[[ Task input open ]]

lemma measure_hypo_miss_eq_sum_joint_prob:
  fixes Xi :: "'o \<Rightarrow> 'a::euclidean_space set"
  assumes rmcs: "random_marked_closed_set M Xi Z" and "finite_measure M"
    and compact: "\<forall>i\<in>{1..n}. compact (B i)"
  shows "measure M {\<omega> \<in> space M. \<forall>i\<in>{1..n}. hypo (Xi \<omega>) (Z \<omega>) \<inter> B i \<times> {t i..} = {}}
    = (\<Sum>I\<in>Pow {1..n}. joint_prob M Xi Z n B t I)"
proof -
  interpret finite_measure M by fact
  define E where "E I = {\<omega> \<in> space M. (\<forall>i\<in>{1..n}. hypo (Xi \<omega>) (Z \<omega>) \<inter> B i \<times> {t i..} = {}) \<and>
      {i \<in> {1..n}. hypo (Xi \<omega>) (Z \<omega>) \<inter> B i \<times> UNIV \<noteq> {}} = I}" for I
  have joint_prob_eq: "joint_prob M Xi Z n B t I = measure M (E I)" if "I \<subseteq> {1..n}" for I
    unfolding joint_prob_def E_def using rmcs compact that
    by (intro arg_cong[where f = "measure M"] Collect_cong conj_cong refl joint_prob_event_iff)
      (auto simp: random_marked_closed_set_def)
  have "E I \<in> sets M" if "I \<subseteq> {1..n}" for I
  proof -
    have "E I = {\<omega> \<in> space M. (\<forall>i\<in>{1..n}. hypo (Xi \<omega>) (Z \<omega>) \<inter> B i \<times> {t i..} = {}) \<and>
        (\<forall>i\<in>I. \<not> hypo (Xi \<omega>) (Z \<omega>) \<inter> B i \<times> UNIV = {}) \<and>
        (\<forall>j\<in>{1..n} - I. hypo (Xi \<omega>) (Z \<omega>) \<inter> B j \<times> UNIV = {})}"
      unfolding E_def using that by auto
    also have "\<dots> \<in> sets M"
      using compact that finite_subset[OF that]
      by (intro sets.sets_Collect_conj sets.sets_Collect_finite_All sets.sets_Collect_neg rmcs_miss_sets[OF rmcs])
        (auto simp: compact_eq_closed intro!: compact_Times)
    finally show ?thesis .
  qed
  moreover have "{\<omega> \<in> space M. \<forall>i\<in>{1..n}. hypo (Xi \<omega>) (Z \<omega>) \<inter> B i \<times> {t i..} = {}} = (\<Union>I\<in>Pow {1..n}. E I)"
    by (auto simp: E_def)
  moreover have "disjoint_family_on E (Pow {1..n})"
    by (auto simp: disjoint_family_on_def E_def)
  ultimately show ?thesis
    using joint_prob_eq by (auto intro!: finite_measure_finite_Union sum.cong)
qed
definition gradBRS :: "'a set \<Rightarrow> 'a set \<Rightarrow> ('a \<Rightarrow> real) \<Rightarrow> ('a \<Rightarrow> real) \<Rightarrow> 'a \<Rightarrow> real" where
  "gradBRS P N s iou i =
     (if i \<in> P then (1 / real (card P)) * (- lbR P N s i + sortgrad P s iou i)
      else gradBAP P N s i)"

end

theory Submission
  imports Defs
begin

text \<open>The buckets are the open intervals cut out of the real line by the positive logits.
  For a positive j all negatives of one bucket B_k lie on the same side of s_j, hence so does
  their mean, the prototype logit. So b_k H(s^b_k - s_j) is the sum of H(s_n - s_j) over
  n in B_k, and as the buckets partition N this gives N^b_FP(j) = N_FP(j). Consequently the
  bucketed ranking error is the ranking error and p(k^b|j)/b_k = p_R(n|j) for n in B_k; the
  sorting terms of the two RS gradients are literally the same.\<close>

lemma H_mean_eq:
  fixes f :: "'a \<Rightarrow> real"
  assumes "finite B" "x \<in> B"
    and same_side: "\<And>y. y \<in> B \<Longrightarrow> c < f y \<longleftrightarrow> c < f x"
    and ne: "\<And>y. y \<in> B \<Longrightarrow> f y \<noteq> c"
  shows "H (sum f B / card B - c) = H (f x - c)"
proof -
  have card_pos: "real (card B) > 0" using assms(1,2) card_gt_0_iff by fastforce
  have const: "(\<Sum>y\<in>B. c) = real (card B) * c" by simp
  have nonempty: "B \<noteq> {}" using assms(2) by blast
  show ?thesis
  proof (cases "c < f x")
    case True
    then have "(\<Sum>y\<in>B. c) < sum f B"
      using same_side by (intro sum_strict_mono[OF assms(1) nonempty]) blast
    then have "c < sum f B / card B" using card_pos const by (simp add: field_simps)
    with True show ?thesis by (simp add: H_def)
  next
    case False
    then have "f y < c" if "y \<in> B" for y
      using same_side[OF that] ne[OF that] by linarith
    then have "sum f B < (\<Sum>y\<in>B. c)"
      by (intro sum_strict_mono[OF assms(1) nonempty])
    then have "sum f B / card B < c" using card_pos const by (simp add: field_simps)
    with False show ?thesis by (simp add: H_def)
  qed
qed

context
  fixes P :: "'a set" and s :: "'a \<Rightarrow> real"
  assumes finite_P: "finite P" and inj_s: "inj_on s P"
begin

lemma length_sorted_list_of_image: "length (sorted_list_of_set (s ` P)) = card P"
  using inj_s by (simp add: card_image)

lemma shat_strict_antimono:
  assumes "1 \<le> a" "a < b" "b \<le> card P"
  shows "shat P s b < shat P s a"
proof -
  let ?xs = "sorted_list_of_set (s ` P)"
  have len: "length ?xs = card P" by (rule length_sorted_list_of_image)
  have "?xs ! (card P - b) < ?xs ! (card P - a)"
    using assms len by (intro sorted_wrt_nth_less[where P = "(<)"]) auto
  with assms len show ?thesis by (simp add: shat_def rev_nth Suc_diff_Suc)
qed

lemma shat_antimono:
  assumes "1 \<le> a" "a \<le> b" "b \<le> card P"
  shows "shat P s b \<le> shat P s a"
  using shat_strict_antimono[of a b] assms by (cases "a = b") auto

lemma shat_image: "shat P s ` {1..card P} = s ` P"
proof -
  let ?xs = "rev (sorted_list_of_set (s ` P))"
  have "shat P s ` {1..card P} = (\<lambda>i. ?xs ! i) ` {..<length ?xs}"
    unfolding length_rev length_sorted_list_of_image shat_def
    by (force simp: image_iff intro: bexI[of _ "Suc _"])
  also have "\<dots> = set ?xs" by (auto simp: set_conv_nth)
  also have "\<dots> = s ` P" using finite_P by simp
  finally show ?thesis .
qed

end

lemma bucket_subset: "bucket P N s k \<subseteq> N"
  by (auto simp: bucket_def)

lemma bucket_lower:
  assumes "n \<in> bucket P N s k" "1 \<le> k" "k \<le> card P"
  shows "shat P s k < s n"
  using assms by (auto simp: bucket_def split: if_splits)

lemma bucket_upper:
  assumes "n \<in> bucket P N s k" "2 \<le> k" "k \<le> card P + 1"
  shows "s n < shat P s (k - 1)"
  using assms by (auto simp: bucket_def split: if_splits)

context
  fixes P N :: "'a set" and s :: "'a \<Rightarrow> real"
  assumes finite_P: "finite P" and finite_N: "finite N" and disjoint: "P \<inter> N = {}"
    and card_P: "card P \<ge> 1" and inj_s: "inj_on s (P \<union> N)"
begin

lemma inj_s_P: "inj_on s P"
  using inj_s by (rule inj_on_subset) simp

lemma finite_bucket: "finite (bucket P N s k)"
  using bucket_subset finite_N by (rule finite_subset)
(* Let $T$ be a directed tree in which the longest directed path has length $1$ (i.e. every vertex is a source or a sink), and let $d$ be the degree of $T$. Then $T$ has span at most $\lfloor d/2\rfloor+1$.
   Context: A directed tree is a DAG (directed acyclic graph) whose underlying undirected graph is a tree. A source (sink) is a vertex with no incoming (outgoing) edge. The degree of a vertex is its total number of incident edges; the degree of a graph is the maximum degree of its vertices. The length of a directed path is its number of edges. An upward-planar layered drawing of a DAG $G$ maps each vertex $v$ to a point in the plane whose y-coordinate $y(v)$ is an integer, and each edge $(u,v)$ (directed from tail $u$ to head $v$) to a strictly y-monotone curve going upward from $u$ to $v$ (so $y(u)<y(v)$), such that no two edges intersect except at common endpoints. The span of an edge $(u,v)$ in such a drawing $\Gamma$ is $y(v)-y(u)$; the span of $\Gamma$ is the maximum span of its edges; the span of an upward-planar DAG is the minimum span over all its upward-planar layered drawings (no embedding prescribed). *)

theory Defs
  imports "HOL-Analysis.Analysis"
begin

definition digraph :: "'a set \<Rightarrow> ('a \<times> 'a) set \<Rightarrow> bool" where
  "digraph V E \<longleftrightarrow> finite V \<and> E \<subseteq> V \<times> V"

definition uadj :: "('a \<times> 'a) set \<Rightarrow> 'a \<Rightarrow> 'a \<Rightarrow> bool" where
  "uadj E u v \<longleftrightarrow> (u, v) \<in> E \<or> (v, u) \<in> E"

[[ Task input closed ]]

Activity.
Filter the listing by the string "rmcs"; copy each matching line.

Answer.
  assumes rmcs: "random_marked_closed_set M Xi Z" and "finite_measure M"
    unfolding joint_prob_def E_def using rmcs compact that
      by (intro sets.sets_Collect_conj sets.sets_Collect_finite_All sets.sets_Collect_neg rmcs_miss_sets[OF rmcs])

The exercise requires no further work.